--- TASK OBJECTIVE ---
Copy each line below in which the string "through" appears.

--- Stored items ---
____

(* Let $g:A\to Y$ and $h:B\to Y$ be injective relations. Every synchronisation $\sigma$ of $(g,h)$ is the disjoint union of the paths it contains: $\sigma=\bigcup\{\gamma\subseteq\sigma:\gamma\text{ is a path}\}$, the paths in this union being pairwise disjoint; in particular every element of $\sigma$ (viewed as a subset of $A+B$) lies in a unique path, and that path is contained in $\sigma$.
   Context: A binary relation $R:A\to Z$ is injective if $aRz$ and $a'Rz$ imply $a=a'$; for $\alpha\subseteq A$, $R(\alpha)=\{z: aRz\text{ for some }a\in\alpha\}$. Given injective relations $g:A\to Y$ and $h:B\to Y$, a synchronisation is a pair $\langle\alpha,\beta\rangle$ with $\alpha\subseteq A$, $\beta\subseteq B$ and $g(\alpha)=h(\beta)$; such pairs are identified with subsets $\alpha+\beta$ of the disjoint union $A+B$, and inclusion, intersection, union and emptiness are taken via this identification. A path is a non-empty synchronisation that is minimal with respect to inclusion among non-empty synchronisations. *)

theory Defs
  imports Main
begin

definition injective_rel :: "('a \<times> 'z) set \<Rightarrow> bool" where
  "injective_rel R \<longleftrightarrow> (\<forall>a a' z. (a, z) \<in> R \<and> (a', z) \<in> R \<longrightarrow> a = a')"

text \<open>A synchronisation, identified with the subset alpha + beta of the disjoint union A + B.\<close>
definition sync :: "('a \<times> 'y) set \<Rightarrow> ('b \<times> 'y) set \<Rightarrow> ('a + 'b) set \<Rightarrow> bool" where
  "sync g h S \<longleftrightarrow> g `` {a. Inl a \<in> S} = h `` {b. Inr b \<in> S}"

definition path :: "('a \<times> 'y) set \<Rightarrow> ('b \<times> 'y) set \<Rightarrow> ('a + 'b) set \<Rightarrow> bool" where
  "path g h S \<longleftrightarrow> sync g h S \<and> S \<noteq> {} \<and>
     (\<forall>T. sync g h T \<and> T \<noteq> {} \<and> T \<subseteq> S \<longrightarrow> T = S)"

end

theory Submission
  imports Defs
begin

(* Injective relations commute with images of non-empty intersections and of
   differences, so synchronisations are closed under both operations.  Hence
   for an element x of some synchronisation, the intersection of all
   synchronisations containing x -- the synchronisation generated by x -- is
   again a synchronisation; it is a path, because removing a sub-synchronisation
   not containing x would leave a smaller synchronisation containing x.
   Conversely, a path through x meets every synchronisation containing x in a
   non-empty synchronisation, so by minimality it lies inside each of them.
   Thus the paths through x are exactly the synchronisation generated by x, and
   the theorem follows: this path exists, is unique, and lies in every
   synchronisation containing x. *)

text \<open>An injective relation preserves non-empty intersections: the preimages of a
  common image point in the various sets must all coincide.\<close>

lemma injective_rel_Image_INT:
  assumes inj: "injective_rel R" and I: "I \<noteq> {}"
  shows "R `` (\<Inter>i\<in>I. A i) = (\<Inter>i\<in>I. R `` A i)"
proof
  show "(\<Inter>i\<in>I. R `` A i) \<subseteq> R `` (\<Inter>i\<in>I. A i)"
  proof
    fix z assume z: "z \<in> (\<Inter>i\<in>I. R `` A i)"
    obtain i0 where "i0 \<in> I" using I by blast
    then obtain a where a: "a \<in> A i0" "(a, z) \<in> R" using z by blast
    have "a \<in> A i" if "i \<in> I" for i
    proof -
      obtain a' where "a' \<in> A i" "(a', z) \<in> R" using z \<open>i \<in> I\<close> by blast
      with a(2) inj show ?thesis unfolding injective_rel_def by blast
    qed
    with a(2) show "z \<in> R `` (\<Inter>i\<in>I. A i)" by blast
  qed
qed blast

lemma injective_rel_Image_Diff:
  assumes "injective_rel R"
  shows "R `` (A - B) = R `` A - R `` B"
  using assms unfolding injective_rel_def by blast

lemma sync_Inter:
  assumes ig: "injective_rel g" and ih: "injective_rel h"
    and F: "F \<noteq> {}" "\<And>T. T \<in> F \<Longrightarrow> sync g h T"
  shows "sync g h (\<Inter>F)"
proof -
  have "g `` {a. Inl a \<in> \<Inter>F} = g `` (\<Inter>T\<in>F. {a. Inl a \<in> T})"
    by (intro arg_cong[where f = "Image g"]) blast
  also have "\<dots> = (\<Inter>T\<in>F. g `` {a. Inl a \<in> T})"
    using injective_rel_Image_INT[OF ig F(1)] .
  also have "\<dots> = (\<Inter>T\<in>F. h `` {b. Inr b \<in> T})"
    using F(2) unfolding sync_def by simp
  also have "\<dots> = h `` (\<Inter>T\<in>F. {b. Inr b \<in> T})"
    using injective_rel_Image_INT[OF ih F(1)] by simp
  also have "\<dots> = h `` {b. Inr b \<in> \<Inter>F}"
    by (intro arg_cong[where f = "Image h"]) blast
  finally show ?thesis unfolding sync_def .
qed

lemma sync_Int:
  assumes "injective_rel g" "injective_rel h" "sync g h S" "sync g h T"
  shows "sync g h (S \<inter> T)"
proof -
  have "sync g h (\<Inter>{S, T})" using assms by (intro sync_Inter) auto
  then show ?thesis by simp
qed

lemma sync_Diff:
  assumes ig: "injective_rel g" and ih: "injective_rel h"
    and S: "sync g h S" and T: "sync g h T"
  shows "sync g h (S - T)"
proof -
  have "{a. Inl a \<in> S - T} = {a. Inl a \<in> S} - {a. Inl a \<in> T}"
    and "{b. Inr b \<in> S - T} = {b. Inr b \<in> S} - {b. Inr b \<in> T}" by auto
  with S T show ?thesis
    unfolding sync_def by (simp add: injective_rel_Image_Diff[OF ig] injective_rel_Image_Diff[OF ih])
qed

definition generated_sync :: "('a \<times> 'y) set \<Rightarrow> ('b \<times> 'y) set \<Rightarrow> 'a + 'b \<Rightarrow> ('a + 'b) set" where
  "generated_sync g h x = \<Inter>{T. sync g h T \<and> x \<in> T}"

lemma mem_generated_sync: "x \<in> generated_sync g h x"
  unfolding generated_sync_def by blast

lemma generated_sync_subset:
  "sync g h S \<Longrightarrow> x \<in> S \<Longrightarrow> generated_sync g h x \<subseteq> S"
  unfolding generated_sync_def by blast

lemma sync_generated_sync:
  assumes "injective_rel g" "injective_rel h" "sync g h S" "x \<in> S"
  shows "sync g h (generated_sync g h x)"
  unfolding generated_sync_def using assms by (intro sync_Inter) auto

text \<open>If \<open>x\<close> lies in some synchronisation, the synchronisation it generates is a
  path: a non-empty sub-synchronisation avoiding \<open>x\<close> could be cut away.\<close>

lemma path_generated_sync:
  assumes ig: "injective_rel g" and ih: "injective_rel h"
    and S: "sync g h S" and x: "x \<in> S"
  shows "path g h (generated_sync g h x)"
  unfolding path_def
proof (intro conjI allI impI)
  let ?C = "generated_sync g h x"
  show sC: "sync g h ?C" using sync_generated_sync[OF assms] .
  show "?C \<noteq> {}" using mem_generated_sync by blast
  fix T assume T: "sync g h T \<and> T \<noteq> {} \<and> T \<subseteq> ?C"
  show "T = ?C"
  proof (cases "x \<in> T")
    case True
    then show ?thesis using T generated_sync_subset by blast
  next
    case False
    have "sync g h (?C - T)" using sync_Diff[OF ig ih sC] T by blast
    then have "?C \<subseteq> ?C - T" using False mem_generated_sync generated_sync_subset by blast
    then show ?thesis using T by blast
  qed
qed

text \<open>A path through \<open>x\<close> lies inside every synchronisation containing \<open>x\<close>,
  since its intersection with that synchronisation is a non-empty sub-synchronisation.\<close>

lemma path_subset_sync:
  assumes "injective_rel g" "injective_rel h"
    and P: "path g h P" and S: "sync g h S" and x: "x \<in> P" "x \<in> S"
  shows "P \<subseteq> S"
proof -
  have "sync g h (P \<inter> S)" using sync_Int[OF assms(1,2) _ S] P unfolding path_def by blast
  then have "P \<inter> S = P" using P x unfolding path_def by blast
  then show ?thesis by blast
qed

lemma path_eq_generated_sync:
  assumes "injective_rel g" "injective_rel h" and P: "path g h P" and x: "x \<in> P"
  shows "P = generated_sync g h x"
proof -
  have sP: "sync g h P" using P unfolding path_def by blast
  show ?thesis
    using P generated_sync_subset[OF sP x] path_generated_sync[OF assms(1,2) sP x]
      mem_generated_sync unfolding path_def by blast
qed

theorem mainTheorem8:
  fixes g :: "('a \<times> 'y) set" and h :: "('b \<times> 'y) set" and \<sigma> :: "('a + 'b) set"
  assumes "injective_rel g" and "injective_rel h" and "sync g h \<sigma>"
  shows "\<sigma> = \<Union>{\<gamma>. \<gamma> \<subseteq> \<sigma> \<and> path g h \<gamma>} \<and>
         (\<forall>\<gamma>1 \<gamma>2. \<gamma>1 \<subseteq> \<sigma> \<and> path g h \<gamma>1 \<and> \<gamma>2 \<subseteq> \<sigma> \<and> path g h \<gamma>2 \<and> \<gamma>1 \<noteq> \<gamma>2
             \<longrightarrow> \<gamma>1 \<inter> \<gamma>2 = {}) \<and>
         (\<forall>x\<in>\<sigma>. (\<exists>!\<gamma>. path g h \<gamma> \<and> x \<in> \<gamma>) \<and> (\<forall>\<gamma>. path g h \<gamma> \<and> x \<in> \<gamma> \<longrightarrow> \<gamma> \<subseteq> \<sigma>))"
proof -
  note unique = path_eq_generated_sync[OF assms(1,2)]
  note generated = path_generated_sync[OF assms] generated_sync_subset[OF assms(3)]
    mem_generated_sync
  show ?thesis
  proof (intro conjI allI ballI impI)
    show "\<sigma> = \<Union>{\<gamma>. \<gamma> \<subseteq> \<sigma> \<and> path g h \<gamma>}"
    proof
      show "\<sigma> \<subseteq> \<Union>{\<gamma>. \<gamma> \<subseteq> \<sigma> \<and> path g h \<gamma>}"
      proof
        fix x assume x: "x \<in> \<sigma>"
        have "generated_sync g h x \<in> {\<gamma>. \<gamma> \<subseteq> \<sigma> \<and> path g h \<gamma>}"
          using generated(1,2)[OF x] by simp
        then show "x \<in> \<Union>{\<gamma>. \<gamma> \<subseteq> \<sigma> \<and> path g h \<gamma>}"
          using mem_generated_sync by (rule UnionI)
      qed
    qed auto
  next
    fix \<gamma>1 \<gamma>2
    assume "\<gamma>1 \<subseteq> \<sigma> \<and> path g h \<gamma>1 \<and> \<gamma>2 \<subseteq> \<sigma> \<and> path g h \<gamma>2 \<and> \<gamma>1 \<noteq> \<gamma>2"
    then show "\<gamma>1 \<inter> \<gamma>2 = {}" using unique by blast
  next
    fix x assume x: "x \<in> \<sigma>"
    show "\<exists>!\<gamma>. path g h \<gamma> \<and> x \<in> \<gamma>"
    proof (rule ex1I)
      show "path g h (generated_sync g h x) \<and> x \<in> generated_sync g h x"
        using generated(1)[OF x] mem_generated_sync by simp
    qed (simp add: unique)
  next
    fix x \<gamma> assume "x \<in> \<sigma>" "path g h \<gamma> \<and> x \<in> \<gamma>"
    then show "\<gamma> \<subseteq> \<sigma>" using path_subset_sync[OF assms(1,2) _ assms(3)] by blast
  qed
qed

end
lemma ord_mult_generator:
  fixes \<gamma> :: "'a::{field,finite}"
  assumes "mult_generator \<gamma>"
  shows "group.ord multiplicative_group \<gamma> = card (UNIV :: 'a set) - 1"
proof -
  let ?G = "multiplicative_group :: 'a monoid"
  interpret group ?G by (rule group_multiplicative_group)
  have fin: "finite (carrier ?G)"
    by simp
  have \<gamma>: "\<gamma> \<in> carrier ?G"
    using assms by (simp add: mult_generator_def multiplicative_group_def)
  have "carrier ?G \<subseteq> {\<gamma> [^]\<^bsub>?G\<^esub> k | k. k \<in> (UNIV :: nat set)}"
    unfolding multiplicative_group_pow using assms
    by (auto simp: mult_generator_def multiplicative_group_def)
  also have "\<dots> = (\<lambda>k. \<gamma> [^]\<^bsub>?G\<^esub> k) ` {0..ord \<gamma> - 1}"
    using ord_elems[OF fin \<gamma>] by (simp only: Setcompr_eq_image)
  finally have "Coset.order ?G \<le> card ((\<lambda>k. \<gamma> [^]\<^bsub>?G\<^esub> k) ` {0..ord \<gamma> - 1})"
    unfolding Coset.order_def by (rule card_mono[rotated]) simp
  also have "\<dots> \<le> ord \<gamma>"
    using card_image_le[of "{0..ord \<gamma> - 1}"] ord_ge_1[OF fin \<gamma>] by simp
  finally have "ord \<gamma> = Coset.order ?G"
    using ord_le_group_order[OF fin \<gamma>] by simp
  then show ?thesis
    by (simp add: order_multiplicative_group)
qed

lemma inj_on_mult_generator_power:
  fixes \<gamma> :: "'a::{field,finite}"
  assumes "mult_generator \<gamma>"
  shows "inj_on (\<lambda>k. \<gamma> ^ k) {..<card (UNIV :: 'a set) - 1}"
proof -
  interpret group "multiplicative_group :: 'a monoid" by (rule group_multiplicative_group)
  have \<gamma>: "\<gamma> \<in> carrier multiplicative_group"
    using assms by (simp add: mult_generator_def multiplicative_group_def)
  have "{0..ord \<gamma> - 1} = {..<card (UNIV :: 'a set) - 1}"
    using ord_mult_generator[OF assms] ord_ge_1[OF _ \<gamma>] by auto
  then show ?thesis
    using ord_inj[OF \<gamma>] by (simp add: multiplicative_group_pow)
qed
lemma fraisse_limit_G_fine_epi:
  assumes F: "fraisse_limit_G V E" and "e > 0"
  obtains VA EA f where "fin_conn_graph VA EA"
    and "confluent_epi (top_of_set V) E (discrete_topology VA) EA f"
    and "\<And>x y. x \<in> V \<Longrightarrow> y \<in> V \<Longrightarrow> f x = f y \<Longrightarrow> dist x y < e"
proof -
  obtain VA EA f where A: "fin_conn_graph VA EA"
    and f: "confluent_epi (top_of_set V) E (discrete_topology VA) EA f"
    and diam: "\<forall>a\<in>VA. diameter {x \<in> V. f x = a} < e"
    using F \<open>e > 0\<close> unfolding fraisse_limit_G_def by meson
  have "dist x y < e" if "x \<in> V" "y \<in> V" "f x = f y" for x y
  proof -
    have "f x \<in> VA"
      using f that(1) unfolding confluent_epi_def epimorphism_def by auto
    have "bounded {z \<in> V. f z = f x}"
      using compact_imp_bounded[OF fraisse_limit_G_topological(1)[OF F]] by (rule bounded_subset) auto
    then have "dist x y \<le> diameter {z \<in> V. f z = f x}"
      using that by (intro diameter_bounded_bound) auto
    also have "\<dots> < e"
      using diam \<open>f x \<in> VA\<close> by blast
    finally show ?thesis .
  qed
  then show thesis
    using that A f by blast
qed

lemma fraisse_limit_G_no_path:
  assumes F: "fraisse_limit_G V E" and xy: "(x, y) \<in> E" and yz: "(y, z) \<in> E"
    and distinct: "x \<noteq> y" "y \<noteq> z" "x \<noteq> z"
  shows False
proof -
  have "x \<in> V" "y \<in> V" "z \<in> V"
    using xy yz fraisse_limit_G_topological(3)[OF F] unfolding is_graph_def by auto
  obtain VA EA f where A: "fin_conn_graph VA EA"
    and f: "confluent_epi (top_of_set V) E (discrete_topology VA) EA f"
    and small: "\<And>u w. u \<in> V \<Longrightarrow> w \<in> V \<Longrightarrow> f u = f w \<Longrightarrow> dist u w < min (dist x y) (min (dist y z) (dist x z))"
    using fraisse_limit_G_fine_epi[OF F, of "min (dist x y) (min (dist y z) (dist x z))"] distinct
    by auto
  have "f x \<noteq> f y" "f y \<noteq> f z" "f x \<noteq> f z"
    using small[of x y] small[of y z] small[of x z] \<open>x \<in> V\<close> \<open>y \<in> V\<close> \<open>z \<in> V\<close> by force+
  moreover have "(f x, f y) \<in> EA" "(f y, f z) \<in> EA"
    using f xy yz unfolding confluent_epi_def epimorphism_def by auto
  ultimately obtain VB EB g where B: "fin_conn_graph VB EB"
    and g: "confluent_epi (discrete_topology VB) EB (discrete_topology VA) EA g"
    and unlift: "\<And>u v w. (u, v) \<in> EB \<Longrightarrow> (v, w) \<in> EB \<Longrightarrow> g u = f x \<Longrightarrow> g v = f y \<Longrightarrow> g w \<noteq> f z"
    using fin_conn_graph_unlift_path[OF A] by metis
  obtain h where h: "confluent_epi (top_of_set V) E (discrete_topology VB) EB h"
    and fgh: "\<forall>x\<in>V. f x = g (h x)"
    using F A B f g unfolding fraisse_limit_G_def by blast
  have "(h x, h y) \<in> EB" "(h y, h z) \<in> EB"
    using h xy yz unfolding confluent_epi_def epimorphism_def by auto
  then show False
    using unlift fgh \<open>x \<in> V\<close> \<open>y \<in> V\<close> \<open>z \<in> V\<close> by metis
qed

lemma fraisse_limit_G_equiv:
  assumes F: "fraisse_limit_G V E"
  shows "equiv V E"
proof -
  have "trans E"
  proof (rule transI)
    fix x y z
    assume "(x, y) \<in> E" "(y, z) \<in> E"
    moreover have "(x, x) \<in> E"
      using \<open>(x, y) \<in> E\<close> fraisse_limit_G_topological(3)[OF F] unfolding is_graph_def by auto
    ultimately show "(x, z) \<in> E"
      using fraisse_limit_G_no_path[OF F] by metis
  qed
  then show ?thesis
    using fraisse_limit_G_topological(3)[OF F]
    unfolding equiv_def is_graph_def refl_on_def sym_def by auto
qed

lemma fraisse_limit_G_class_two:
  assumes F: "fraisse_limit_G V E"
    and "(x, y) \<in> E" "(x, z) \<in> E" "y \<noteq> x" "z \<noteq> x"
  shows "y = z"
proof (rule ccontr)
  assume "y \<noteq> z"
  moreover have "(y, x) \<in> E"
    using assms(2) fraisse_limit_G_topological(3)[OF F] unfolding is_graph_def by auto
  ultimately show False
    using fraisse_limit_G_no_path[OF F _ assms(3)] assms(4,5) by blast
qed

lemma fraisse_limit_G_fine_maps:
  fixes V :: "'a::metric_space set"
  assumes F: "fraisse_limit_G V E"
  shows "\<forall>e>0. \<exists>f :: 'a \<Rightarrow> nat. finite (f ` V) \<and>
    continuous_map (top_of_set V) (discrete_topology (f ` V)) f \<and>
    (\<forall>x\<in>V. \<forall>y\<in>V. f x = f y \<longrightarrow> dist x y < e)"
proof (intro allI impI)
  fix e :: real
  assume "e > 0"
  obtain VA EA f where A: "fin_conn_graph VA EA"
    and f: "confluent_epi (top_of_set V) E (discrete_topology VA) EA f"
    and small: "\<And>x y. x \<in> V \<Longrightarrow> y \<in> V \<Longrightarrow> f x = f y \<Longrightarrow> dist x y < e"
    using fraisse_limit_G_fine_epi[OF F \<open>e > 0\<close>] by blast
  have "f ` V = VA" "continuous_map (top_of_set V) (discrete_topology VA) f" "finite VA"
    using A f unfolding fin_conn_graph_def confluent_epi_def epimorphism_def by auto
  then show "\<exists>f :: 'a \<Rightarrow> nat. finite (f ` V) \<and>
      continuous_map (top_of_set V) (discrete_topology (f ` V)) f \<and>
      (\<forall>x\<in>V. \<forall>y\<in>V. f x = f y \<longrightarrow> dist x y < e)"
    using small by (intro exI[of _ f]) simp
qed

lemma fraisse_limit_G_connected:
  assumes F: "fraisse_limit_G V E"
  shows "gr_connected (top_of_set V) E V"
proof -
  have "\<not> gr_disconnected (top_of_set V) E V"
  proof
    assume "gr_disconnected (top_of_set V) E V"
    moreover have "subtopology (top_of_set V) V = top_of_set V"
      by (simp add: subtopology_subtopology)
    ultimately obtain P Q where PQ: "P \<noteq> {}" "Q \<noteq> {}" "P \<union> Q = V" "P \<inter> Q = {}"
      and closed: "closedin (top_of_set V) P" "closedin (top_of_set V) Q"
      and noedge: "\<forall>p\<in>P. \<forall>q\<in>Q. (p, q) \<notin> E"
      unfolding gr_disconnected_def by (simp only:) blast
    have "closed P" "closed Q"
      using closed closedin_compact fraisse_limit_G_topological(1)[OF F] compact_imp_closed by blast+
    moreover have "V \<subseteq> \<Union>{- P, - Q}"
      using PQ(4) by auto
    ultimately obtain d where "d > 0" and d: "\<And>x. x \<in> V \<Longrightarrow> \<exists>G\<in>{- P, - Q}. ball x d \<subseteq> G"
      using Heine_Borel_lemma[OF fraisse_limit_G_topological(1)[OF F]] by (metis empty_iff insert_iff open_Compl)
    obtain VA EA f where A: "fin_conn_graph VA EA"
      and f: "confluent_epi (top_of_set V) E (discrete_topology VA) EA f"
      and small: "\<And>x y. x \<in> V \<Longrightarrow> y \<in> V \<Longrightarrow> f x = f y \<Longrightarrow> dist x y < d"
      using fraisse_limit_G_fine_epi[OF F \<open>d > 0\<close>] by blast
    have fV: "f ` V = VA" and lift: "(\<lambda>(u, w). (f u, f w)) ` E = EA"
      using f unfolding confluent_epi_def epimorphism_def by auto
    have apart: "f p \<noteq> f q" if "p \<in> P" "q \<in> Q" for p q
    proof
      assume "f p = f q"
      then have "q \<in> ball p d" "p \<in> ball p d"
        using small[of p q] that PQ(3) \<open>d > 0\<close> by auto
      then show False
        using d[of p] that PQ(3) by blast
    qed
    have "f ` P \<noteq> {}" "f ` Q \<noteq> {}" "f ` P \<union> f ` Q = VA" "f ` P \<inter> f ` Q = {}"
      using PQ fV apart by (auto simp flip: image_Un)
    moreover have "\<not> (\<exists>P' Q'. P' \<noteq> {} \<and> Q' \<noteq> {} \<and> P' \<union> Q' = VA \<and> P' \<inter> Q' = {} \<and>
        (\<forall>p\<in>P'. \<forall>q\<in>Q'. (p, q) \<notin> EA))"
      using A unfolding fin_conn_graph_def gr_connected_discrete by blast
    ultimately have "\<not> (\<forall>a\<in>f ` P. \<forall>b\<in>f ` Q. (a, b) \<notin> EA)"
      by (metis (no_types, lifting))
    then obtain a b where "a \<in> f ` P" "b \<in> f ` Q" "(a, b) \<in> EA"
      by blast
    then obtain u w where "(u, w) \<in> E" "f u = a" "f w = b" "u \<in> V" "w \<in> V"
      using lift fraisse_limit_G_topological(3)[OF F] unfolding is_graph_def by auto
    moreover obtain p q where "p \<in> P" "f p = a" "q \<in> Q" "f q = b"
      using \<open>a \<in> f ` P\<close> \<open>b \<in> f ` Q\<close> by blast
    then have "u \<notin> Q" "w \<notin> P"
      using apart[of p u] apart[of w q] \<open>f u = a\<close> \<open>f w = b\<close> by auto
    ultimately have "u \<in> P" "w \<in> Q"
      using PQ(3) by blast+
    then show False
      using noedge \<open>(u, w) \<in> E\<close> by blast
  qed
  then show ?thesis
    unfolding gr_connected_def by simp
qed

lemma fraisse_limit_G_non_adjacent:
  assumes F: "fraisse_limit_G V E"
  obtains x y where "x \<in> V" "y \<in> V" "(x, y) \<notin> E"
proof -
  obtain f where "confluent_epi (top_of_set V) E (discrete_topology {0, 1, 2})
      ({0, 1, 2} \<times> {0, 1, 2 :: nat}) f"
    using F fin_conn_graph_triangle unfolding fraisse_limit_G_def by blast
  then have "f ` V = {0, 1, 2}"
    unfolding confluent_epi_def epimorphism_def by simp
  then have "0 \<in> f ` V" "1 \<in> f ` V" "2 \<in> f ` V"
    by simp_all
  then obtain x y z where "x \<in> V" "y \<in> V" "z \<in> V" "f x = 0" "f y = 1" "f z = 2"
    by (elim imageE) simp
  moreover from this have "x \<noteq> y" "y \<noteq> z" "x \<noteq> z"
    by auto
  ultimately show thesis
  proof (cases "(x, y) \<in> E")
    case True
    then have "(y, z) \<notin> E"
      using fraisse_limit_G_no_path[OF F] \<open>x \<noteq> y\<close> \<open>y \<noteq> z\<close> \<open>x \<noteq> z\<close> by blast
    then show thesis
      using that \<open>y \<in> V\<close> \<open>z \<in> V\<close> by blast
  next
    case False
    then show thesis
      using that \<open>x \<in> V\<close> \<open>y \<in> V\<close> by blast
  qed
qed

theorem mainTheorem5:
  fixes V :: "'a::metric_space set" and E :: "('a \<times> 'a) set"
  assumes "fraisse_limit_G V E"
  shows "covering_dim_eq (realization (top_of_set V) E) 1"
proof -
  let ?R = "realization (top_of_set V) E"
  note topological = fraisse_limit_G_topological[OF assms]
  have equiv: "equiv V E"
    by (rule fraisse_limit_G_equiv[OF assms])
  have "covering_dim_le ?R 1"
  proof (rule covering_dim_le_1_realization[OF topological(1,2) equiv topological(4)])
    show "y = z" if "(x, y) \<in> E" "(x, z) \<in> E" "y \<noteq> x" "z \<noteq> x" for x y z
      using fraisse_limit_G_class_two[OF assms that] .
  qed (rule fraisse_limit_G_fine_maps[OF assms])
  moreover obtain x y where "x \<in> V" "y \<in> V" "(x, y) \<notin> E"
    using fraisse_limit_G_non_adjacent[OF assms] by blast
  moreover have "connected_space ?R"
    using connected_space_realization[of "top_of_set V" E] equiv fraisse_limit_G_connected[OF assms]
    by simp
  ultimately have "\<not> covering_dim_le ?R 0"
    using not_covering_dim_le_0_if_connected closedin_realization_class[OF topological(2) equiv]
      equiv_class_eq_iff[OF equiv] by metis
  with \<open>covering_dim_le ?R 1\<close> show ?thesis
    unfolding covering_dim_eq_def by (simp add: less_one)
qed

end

____

--- RESULT OF THIS EXERCISE ---
   Conversely, a path through x meets every synchronisation containing x in a
   Thus the paths through x are exactly the synchronisation generated by x, and
text \<open>A path through \<open>x\<close> lies inside every synchronisation containing \<open>x\<close>,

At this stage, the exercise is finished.